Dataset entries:
------------------------

(* For each nonnegative integer $n$, \[ \sum_{k=0}^{n} (-1)^k \overline{{n \brack k}}_{q,1} = \begin{cases} 0 &\text{if $n$ is odd,} \\ \sum_{j=-n/2}^{n/2} (-1)^j q^{j^2} &\text{if $n$ is even.} \end{cases} \]
   Context: An overpartition is a partition in which the last occurrence of each distinct part size may be overlined; its weight $|\lambda|$ is the sum of its parts. For integers $0\le k\le n$, $\overline{{n \brack k}}_{q,1}=\sum_{\lambda} q^{|\lambda|}$, the sum over all overpartitions $\lambda$ with largest part at most $n-k$ and at most $k$ parts (i.e. the generating function for overpartitions fitting inside an $(n-k)\times k$ rectangle). *)

theory Defs
  imports Main
begin

text \<open>An overpartition is encoded as a pair (xs, S): xs is the list of parts in
nonincreasing order (all parts positive), and S is the set of overlined part sizes
(the last occurrence of each size in S is overlined), so S is a subset of set xs.\<close>

definition overpartitions_in_box :: "nat \<Rightarrow> nat \<Rightarrow> (nat list \<times> nat set) set" where
  "overpartitions_in_box a b =
     {(xs, S). sorted_wrt (\<ge>) xs \<and> (\<forall>x\<in>set xs. 0 < x \<and> x \<le> a) \<and>
               length xs \<le> b \<and> S \<subseteq> set xs}"

definition over_qbinom :: "nat \<Rightarrow> nat \<Rightarrow> 'a::comm_ring_1 \<Rightarrow> 'a" where
  "over_qbinom n k q = (\<Sum>(xs, S) \<in> overpartitions_in_box (n - k) k. q ^ sum_list xs)"

end

theory Submission
  imports Defs
begin

text \<open>Let P(a, b) be the generating function of overpartitions in an a-by-b box.
Removing the largest part gives P(a+1, b+1) = P(a, b+1) + q^(a+1) (P(a+1, b) + P(a, b)), and the
conjugate recurrence, with q^(b+1) instead, follows from it algebraically. For the diagonal sums
A n = \<Sum>k. (-1)^k P(n-k, k) and B n = \<Sum>k. (-q)^k P(n-k, k) the two recurrences give
A (n+2) = B (n+1) - A (n+1) - q B n and B (n+2) = B (n+1) - q^(n+2) (A (n+1) + A n);
eliminating B yields A (n+4) = (1 - q^(n+3)) A (n+2) + q^(n+3) A n. As A 1 = A 3 = 0 the odd
terms vanish, and A (2m+2) - A (2m) = 2 (-1)^(m+1) q^((m+1)^2) telescopes to the theta series.\<close>

lemma overpartitions_in_box_0_left: "overpartitions_in_box 0 b = {([], {})}"
proof -
  have "xs = []" if "\<forall>x\<in>set xs. 0 < x \<and> x \<le> (0::nat)" for xs
    using that by (cases xs) auto
  then show ?thesis
    unfolding overpartitions_in_box_def by auto
qed
(* Let $N\ge1$, $d$ be integers and $0\le m_1<\dots<m_N<d$. Then the Wronski determinant of the truncated binomials $P_{m_1;d},\dots,P_{m_N;d},P_{d;d}$ satisfies $$\det\Big(\tfrac{d^j}{dx^j}P_{m_i;d}(x)\Big)_{0\le i,j\le N}=c\cdot x^{\,m_1+\dots+m_N-N(N-1)/2}(x+1)^{d-N},$$ where $m_0:=d$ is used for the row of $P_{d;d}$ and $c$ is a nonzero constant.
   Context: The truncated binomial is $P_{m;d}(x)=\sum_{j=0}^{m}\binom{d}{j}x^j$ for $0\le m\le d$; $P_{d;d}(x)=(x+1)^d$. *)

theory Defs
  imports "Jordan_Normal_Form.Determinant" "HOL-Computational_Algebra.Polynomial"
begin

definition trunc_binom :: "nat \<Rightarrow> nat \<Rightarrow> real poly" where
  "trunc_binom m d = (\<Sum>j\<le>m. monom (of_nat (d choose j)) j)"

definition wronski_tb :: "nat \<Rightarrow> nat \<Rightarrow> (nat \<Rightarrow> nat) \<Rightarrow> real poly mat" where
  "wronski_tb N d m = mat (Suc N) (Suc N)
     (\<lambda>(i, j). (pderiv ^^ j) (trunc_binom (if i = 0 then d else m i) d))"

end

theory Submission
  imports Defs
begin

text \<open>
  The operator L = (x + 1) D - d annihilates (x + 1)^d and maps P_{m;d} to
  -(d - m) (d choose m) x^m. Because (x + 1) D^(j+1) - (d - j) D^j = D^j L, multiplying the
  Wronski matrix from the right by a bidiagonal matrix of determinant (x + 1)^N replaces column
  j + 1 by the j-th derivatives of L applied to the rows; the first row becomes
  ((x + 1)^d, 0, ..., 0). Expanding along it leaves (x + 1)^d times a nonzero constant times the
  Wronskian of x^(m_1), ..., x^(m_N). Scaling column j by x^j and row i by x^(-m_i) turns the
  latter into the matrix of falling factorials m_i (m_i - 1) ... (m_i - j + 1), which is
  nonsingular for distinct m_i: a kernel vector would give a polynomial of degree < N in the
  falling factorial basis vanishing at the N points m_i.
\<close>

definition wronski :: "nat \<Rightarrow> (nat \<Rightarrow> 'a::idom poly) \<Rightarrow> 'a poly mat" where
  "wronski n f = mat n n (\<lambda>(i, j). (pderiv ^^ j) (f i))"

lemma dim_wronski [simp]: "dim_row (wronski n f) = n" "dim_col (wronski n f) = n"
  by (simp_all add: wronski_def)

lemma wronski_carrier_mat [simp]: "wronski n f \<in> carrier_mat n n"
  by (simp add: wronski_def)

------------------------

### WHAT YOU HAVE TO DO
Copy out the entries in full, exactly as they appear.

### ANSWER TO THE EXERCISE
(* For each nonnegative integer $n$, \[ \sum_{k=0}^{n} (-1)^k \overline{{n \brack k}}_{q,1} = \begin{cases} 0 &\text{if $n$ is odd,} \\ \sum_{j=-n/2}^{n/2} (-1)^j q^{j^2} &\text{if $n$ is even.} \end{cases} \]
   Context: An overpartition is a partition in which the last occurrence of each distinct part size may be overlined; its weight $|\lambda|$ is the sum of its parts. For integers $0\le k\le n$, $\overline{{n \brack k}}_{q,1}=\sum_{\lambda} q^{|\lambda|}$, the sum over all overpartitions $\lambda$ with largest part at most $n-k$ and at most $k$ parts (i.e. the generating function for overpartitions fitting inside an $(n-k)\times k$ rectangle). *)

theory Defs
  imports Main
begin

text \<open>An overpartition is encoded as a pair (xs, S): xs is the list of parts in
nonincreasing order (all parts positive), and S is the set of overlined part sizes
(the last occurrence of each size in S is overlined), so S is a subset of set xs.\<close>

definition overpartitions_in_box :: "nat \<Rightarrow> nat \<Rightarrow> (nat list \<times> nat set) set" where
  "overpartitions_in_box a b =
     {(xs, S). sorted_wrt (\<ge>) xs \<and> (\<forall>x\<in>set xs. 0 < x \<and> x \<le> a) \<and>
               length xs \<le> b \<and> S \<subseteq> set xs}"

definition over_qbinom :: "nat \<Rightarrow> nat \<Rightarrow> 'a::comm_ring_1 \<Rightarrow> 'a" where
  "over_qbinom n k q = (\<Sum>(xs, S) \<in> overpartitions_in_box (n - k) k. q ^ sum_list xs)"

end

theory Submission
  imports Defs
begin

text \<open>Let P(a, b) be the generating function of overpartitions in an a-by-b box.
Removing the largest part gives P(a+1, b+1) = P(a, b+1) + q^(a+1) (P(a+1, b) + P(a, b)), and the
conjugate recurrence, with q^(b+1) instead, follows from it algebraically. For the diagonal sums
A n = \<Sum>k. (-1)^k P(n-k, k) and B n = \<Sum>k. (-q)^k P(n-k, k) the two recurrences give
A (n+2) = B (n+1) - A (n+1) - q B n and B (n+2) = B (n+1) - q^(n+2) (A (n+1) + A n);
eliminating B yields A (n+4) = (1 - q^(n+3)) A (n+2) + q^(n+3) A n. As A 1 = A 3 = 0 the odd
terms vanish, and A (2m+2) - A (2m) = 2 (-1)^(m+1) q^((m+1)^2) telescopes to the theta series.\<close>

lemma overpartitions_in_box_0_left: "overpartitions_in_box 0 b = {([], {})}"
proof -
  have "xs = []" if "\<forall>x\<in>set xs. 0 < x \<and> x \<le> (0::nat)" for xs
    using that by (cases xs) auto
  then show ?thesis
    unfolding overpartitions_in_box_def by auto
qed
(* Let $N\ge1$, $d$ be integers and $0\le m_1<\dots<m_N<d$. Then the Wronski determinant of the truncated binomials $P_{m_1;d},\dots,P_{m_N;d},P_{d;d}$ satisfies $$\det\Big(\tfrac{d^j}{dx^j}P_{m_i;d}(x)\Big)_{0\le i,j\le N}=c\cdot x^{\,m_1+\dots+m_N-N(N-1)/2}(x+1)^{d-N},$$ where $m_0:=d$ is used for the row of $P_{d;d}$ and $c$ is a nonzero constant.
   Context: The truncated binomial is $P_{m;d}(x)=\sum_{j=0}^{m}\binom{d}{j}x^j$ for $0\le m\le d$; $P_{d;d}(x)=(x+1)^d$. *)

theory Defs
  imports "Jordan_Normal_Form.Determinant" "HOL-Computational_Algebra.Polynomial"
begin

definition trunc_binom :: "nat \<Rightarrow> nat \<Rightarrow> real poly" where
  "trunc_binom m d = (\<Sum>j\<le>m. monom (of_nat (d choose j)) j)"

definition wronski_tb :: "nat \<Rightarrow> nat \<Rightarrow> (nat \<Rightarrow> nat) \<Rightarrow> real poly mat" where
  "wronski_tb N d m = mat (Suc N) (Suc N)
     (\<lambda>(i, j). (pderiv ^^ j) (trunc_binom (if i = 0 then d else m i) d))"

end

theory Submission
  imports Defs
begin

text \<open>
  The operator L = (x + 1) D - d annihilates (x + 1)^d and maps P_{m;d} to
  -(d - m) (d choose m) x^m. Because (x + 1) D^(j+1) - (d - j) D^j = D^j L, multiplying the
  Wronski matrix from the right by a bidiagonal matrix of determinant (x + 1)^N replaces column
  j + 1 by the j-th derivatives of L applied to the rows; the first row becomes
  ((x + 1)^d, 0, ..., 0). Expanding along it leaves (x + 1)^d times a nonzero constant times the
  Wronskian of x^(m_1), ..., x^(m_N). Scaling column j by x^j and row i by x^(-m_i) turns the
  latter into the matrix of falling factorials m_i (m_i - 1) ... (m_i - j + 1), which is
  nonsingular for distinct m_i: a kernel vector would give a polynomial of degree < N in the
  falling factorial basis vanishing at the N points m_i.
\<close>

definition wronski :: "nat \<Rightarrow> (nat \<Rightarrow> 'a::idom poly) \<Rightarrow> 'a poly mat" where
  "wronski n f = mat n n (\<lambda>(i, j). (pderiv ^^ j) (f i))"

lemma dim_wronski [simp]: "dim_row (wronski n f) = n" "dim_col (wronski n f) = n"
  by (simp_all add: wronski_def)

lemma wronski_carrier_mat [simp]: "wronski n f \<in> carrier_mat n n"
  by (simp add: wronski_def)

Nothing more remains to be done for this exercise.